▸ **Task to complete**
Starting at the line that contains "then obtain c", repeat each line exactly through the last line of the listing, and repeat nothing else.

▸ **Information shown**
(* Let $\mathbf{u}$ be a Sturmian sequence over $\{a,b\}$ in which the frequency of $b$ is $\alpha$, and let $\mathbf{v}=\mathrm{colour}(\mathbf{u},1^\omega,\mathbf{b})$, where $\mathbf{b}$ is a Sturmian sequence over $\{2,3\}$ in which the frequency of $3$ is $\gamma$. Suppose $1,\alpha,\alpha\gamma$ are linearly independent over $\mathbb Q$. Then $$\mathcal C_{\mathbf{v}}(n)=P_\alpha(n)+(n+1)\lceil n\alpha\rceil\quad\text{for every integer } n\ge1,$$ and $$\mathcal C^{ab}_{\mathbf{v}}(n)=4\quad\text{for every integer } n\ge\lceil 1/\alpha\rceil.$$
   Context: A Sturmian sequence is an aperiodic (not eventually periodic) $1$-balanced binary sequence, i.e. for any two factors $u,v$ of equal length and each letter $x$, $\bigl||u|_x-|v|_x\bigr|\le1$; letter frequencies in it exist and are irrational. Colouring: given $\mathbf{u}$ over $\{a,b\}$ and sequences $\mathbf{a},\mathbf{b}$ over disjoint alphabets, $\mathrm{colour}(\mathbf{u},\mathbf{a},\mathbf{b})$ is obtained from $\mathbf{u}$ by replacing the subsequence of all occurrences of $a$ (in order) by $\mathbf{a}$ and the subsequence of all occurrences of $b$ (in order) by $\mathbf{b}$; $1^\omega$ is the constant sequence $111\cdots$. $\mathcal C_{\mathbf{v}}(n)$ is the number of distinct factors of length $n$ of $\mathbf{v}$; $\mathcal C^{ab}_{\mathbf{v}}(n)$ is the number of distinct Parikh vectors (vectors of letter counts) of factors of length $n$ of $\mathbf{v}$. For irrational $\alpha\in(0,1)$, $P_\alpha(n)$ denotes the number of factors $u$ of length $n$ of a Sturmian sequence over $\{a,b\}$ with frequency of $b$ equal to $\alpha$ such that $(|u|_a,|u|_b)=(\lfloor(1-\alpha)n\rfloor,\lceil n\alpha\rceil)$ (this depends only on $\alpha$). *)

theory Defs
  imports Complex_Main
begin

definition factor_at :: "(nat \<Rightarrow> 'a) \<Rightarrow> nat \<Rightarrow> nat \<Rightarrow> 'a list" where
  "factor_at u i n = map u [i..<i+n]"

definition factors :: "(nat \<Rightarrow> 'a) \<Rightarrow> nat \<Rightarrow> 'a list set" where
  "factors u n = {factor_at u i n | i. True}"

definition factor_complexity :: "(nat \<Rightarrow> 'a) \<Rightarrow> nat \<Rightarrow> nat" where
  "factor_complexity u n = card (factors u n)"

definition parikh :: "'a list \<Rightarrow> ('a \<Rightarrow> nat)" where
  "parikh w = (\<lambda>x. count_list w x)"

definition abelian_complexity :: "(nat \<Rightarrow> 'a) \<Rightarrow> nat \<Rightarrow> nat" where
  "abelian_complexity u n = card (parikh ` factors u n)"

definition balanced :: "(nat \<Rightarrow> 'a) \<Rightarrow> bool" where
  "balanced u \<longleftrightarrow> (\<forall>n. \<forall>w1\<in>factors u n. \<forall>w2\<in>factors u n. \<forall>x.
      \<bar>int (count_list w1 x) - int (count_list w2 x)\<bar> \<le> 1)"

definition eventually_periodic :: "(nat \<Rightarrow> 'a) \<Rightarrow> bool" where
  "eventually_periodic u \<longleftrightarrow> (\<exists>p>0. \<exists>N. \<forall>i\<ge>N. u (i + p) = u i)"

definition sturmian_over :: "(nat \<Rightarrow> 'a) \<Rightarrow> 'a \<Rightarrow> 'a \<Rightarrow> bool" where
  "sturmian_over u x y \<longleftrightarrow> x \<noteq> y \<and> range u \<subseteq> {x, y} \<and> balanced u \<and> \<not> eventually_periodic u"

definition has_frequency :: "(nat \<Rightarrow> 'a) \<Rightarrow> 'a \<Rightarrow> real \<Rightarrow> bool" where
  "has_frequency u x f \<longleftrightarrow>
     ((\<lambda>n. real (card {i. i < n \<and> u i = x}) / real n) \<longlonglongrightarrow> f)"

text \<open>colour(u, A, B): the k-th occurrence (counting from 0) of letter a is replaced by A k,
  the k-th occurrence of every other letter (i.e. b) by B k.\<close>
definition colour :: "(nat \<Rightarrow> 'a) \<Rightarrow> 'a \<Rightarrow> (nat \<Rightarrow> 'c) \<Rightarrow> (nat \<Rightarrow> 'c) \<Rightarrow> (nat \<Rightarrow> 'c)" where
  "colour u a A B = (\<lambda>i. if u i = a then A (card {j. j < i \<and> u j = a})
                         else B (card {j. j < i \<and> u j \<noteq> a}))"

text \<open>P_alpha(n), computed on a Sturmian sequence u over {a,b} with frequency alpha of b
  (the value depends only on alpha).\<close>
definition P_count :: "(nat \<Rightarrow> 'a) \<Rightarrow> 'a \<Rightarrow> 'a \<Rightarrow> real \<Rightarrow> nat \<Rightarrow> nat" where
  "P_count u a b \<alpha> n = card {w \<in> factors u n.
      int (count_list w a) = \<lfloor>(1 - \<alpha>) * real n\<rfloor> \<and> int (count_list w b) = \<lceil>real n * \<alpha>\<rceil>}"

end

theory Submission
  imports Defs "HOL-Analysis.Kronecker_Approximation_Theorem"
begin

text \<open>A balanced binary sequence whose frequency \<open>\<theta>\<close> is irrational is mechanical: the number of
  ones in its window of length \<open>m\<close> at \<open>i\<close> is \<open>\<lceil>m\<theta> - t\<rceil>\<close> for every generic \<open>t\<close> close to an
  intercept \<open>\<tau>\<^sub>i \<in> [0, 1]\<close>, and its factors of length \<open>n\<close> are exactly the \<open>n + 1\<close> mechanical
  words of slope \<open>\<theta>\<close>. The factor of \<open>v\<close> of length \<open>n\<close> at \<open>i\<close> is determined by, and determines,
  the factor \<open>w\<close> of \<open>u\<close> at \<open>i\<close> together with the factor of \<open>b\<close> of length \<open>|w|\<^sub>b\<close> starting at the
  number of \<open>b\<close>'s before \<open>i\<close>. Up to constants the two intercepts involved are \<open>-i\<alpha>\<close> and
  \<open>-i\<alpha>\<gamma>\<close> modulo 1, so Kronecker's theorem for \<open>1, \<alpha>, \<alpha>\<gamma>\<close> shows that every such pair of
  mechanical words occurs. Summing \<open>|w|\<^sub>b + 1\<close> over the \<open>n + 1\<close> factors \<open>w\<close> of \<open>u\<close>, whose
  \<open>b\<close>-counts are \<open>\<lfloor>n\<alpha>\<rfloor>\<close> or \<open>\<lceil>n\<alpha>\<rceil>\<close>, gives the factor complexity; the Parikh vector of a
  factor of \<open>v\<close> only records \<open>|w|\<^sub>b\<close> and the number of 3's, and these take exactly four
  combined values once \<open>n\<alpha> \<ge> 1\<close>.\<close>

section \<open>Kronecker approximation with a nonnegative multiplier\<close>

lemma Kronecker_thm_2_nat:
  fixes \<alpha> \<theta> :: "nat \<Rightarrow> real" and n :: nat
  assumes indp: "module.independent (\<lambda>r x. of_int r * x) (\<theta> ` {..n})"
    and inj\<theta>: "inj_on \<theta> {..n}" and \<theta>n: "\<theta> n = 1" and "\<epsilon> > 0"
  obtains k :: nat and m where "\<And>i. i < n \<Longrightarrow> \<bar>real k * \<theta> i - of_int (m i) - \<alpha> i\<bar> < \<epsilon>"
proof -
  obtain K m where Km: "\<And>i. i < n \<Longrightarrow> \<bar>of_int K * \<theta> i - of_int (m i) - \<alpha> i\<bar> < \<epsilon>/2"
    using Kronecker_thm_2[OF indp inj\<theta> \<theta>n, of "\<epsilon>/2"] \<open>\<epsilon> > 0\<close> by auto
  define N :: nat where "N = nat \<lceil>2 * \<bar>K\<bar> / \<epsilon>\<rceil> + 1"
  have "N > 0" by (simp add: N_def)
  then obtain q p where q: "0 < q" and p: "\<And>i. i < n \<Longrightarrow> \<bar>of_int q * \<theta> i - of_int (p i)\<bar> < 1/N"
    using Dirichlet_approx_simult by metis
  have KN: "\<bar>K\<bar> * (1/N) < \<epsilon>/2"
  proof -
    have "2 * \<bar>K\<bar> / \<epsilon> < N" unfolding N_def by linarith
    then show ?thesis using \<open>\<epsilon> > 0\<close> \<open>N > 0\<close> by (simp add: field_simps)
  qed
  \<comment> \<open>Adding \<open>\<bar>K\<bar>\<close> times the Dirichlet denominator \<open>q\<close> makes the multiplier nonnegative
      while moving each \<open>K * \<theta> i\<close> by less than \<open>\<epsilon>/2\<close> modulo 1.\<close>
  define k where "k = K + \<bar>K\<bar> * q"
  have "\<bar>K\<bar> \<le> \<bar>K\<bar> * q" using q by (simp add: mult_le_cancel_left1)
  then have "k \<ge> 0" by (simp add: k_def)
  have "\<bar>of_int k * \<theta> i - of_int (m i + \<bar>K\<bar> * p i) - \<alpha> i\<bar> < \<epsilon>" if "i < n" for i
  proof -
    have "of_int k * \<theta> i - of_int (m i + \<bar>K\<bar> * p i) - \<alpha> i
        = (of_int K * \<theta> i - of_int (m i) - \<alpha> i) + \<bar>K\<bar> * (of_int q * \<theta> i - of_int (p i))"
      by (simp add: k_def algebra_simps)
    then have "\<bar>of_int k * \<theta> i - of_int (m i + \<bar>K\<bar> * p i) - \<alpha> i\<bar>
        \<le> \<bar>of_int K * \<theta> i - of_int (m i) - \<alpha> i\<bar> + \<bar>K\<bar> * \<bar>of_int q * \<theta> i - of_int (p i)\<bar>"
      by (metis abs_triangle_ineq abs_mult abs_abs of_int_abs)
    also have "\<bar>K\<bar> * \<bar>of_int q * \<theta> i - of_int (p i)\<bar> \<le> \<bar>K\<bar> * (1/N)"
      using p[OF that] by (intro mult_left_mono) auto
    finally show ?thesis using Km[OF that] KN by linarith
  qed
  with \<open>k \<ge> 0\<close> show thesis by (intro that[of "nat k" "\<lambda>i. m i + \<bar>K\<bar> * p i"]) simp
qed

lemma simultaneous_approx_pair:
  fixes x y \<beta>1 \<beta>2 \<epsilon> :: real
  assumes indep: "\<forall>p q r :: rat. of_rat p + of_rat q * x + of_rat r * y = 0 \<longrightarrow> p = 0 \<and> q = 0 \<and> r = 0"
    and "\<epsilon> > 0"
  obtains i :: nat and k1 k2 :: int
  where "\<bar>real i * x - of_int k1 - \<beta>1\<bar> < \<epsilon>" and "\<bar>real i * y - of_int k2 - \<beta>2\<bar> < \<epsilon>"
proof -
  interpret module "\<lambda>r x. of_int r * (x::real)"
    by unfold_locales (simp_all add: algebra_simps)
  define \<theta> :: "nat \<Rightarrow> real" where "\<theta> = (\<lambda>i. if i = 0 then x else if i = 1 then y else 1)"
  have "x \<noteq> 1" using indep[rule_format, of "-1" 1 0] by auto
  moreover have "y \<noteq> 1" using indep[rule_format, of "-1" 0 1] by auto
  moreover have "x \<noteq> y" using indep[rule_format, of 0 "-1" 1] by auto
  ultimately have img: "\<theta> ` {..2} = {x, y, 1}" and inj: "inj_on \<theta> {..2}"
    by (auto simp: \<theta>_def atMost_Suc inj_on_def)
  have "independent (\<theta> ` {..2})"
    unfolding img
  proof
    assume "dependent {x, y, 1}"
    then obtain c where c: "\<exists>v\<in>{x, y, 1}. c v \<noteq> 0" "(\<Sum>v\<in>{x, y, 1}. of_int (c v) * v) = 0"
      by (subst (asm) dependent_finite) auto
    have "of_rat (of_int (c 1)) + of_rat (of_int (c x)) * x + of_rat (of_int (c y)) * y = 0"
      using c(2) \<open>x \<noteq> 1\<close> \<open>y \<noteq> 1\<close> \<open>x \<noteq> y\<close> by (simp add: algebra_simps)
    from indep[rule_format, OF this] c(1) show False by auto
  qed
  then obtain k m where km: "\<And>i. i < 2 \<Longrightarrow>
      \<bar>real k * \<theta> i - of_int (m i) - (if i = 0 then \<beta>1 else \<beta>2)\<bar> < \<epsilon>"
    by (rule Kronecker_thm_2_nat[where \<alpha>="\<lambda>i. if i = 0 then \<beta>1 else \<beta>2" and \<theta>=\<theta> and n=2, OF _ inj _ \<open>\<epsilon> > 0\<close>])
      (auto simp: \<theta>_def)
  show thesis using km[of 0] km[of 1] by (intro that[of k "m 0" "m 1"]) (simp_all add: \<theta>_def)
qed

▸ **Final answer**
    then obtain c where c: "\<exists>v\<in>{x, y, 1}. c v \<noteq> 0" "(\<Sum>v\<in>{x, y, 1}. of_int (c v) * v) = 0"
      by (subst (asm) dependent_finite) auto
    have "of_rat (of_int (c 1)) + of_rat (of_int (c x)) * x + of_rat (of_int (c y)) * y = 0"
      using c(2) \<open>x \<noteq> 1\<close> \<open>y \<noteq> 1\<close> \<open>x \<noteq> y\<close> by (simp add: algebra_simps)
    from indep[rule_format, OF this] c(1) show False by auto
  qed
  then obtain k m where km: "\<And>i. i < 2 \<Longrightarrow>
      \<bar>real k * \<theta> i - of_int (m i) - (if i = 0 then \<beta>1 else \<beta>2)\<bar> < \<epsilon>"
    by (rule Kronecker_thm_2_nat[where \<alpha>="\<lambda>i. if i = 0 then \<beta>1 else \<beta>2" and \<theta>=\<theta> and n=2, OF _ inj _ \<open>\<epsilon> > 0\<close>])
      (auto simp: \<theta>_def)
  show thesis using km[of 0] km[of 1] by (intro that[of k "m 0" "m 1"]) (simp_all add: \<theta>_def)
qed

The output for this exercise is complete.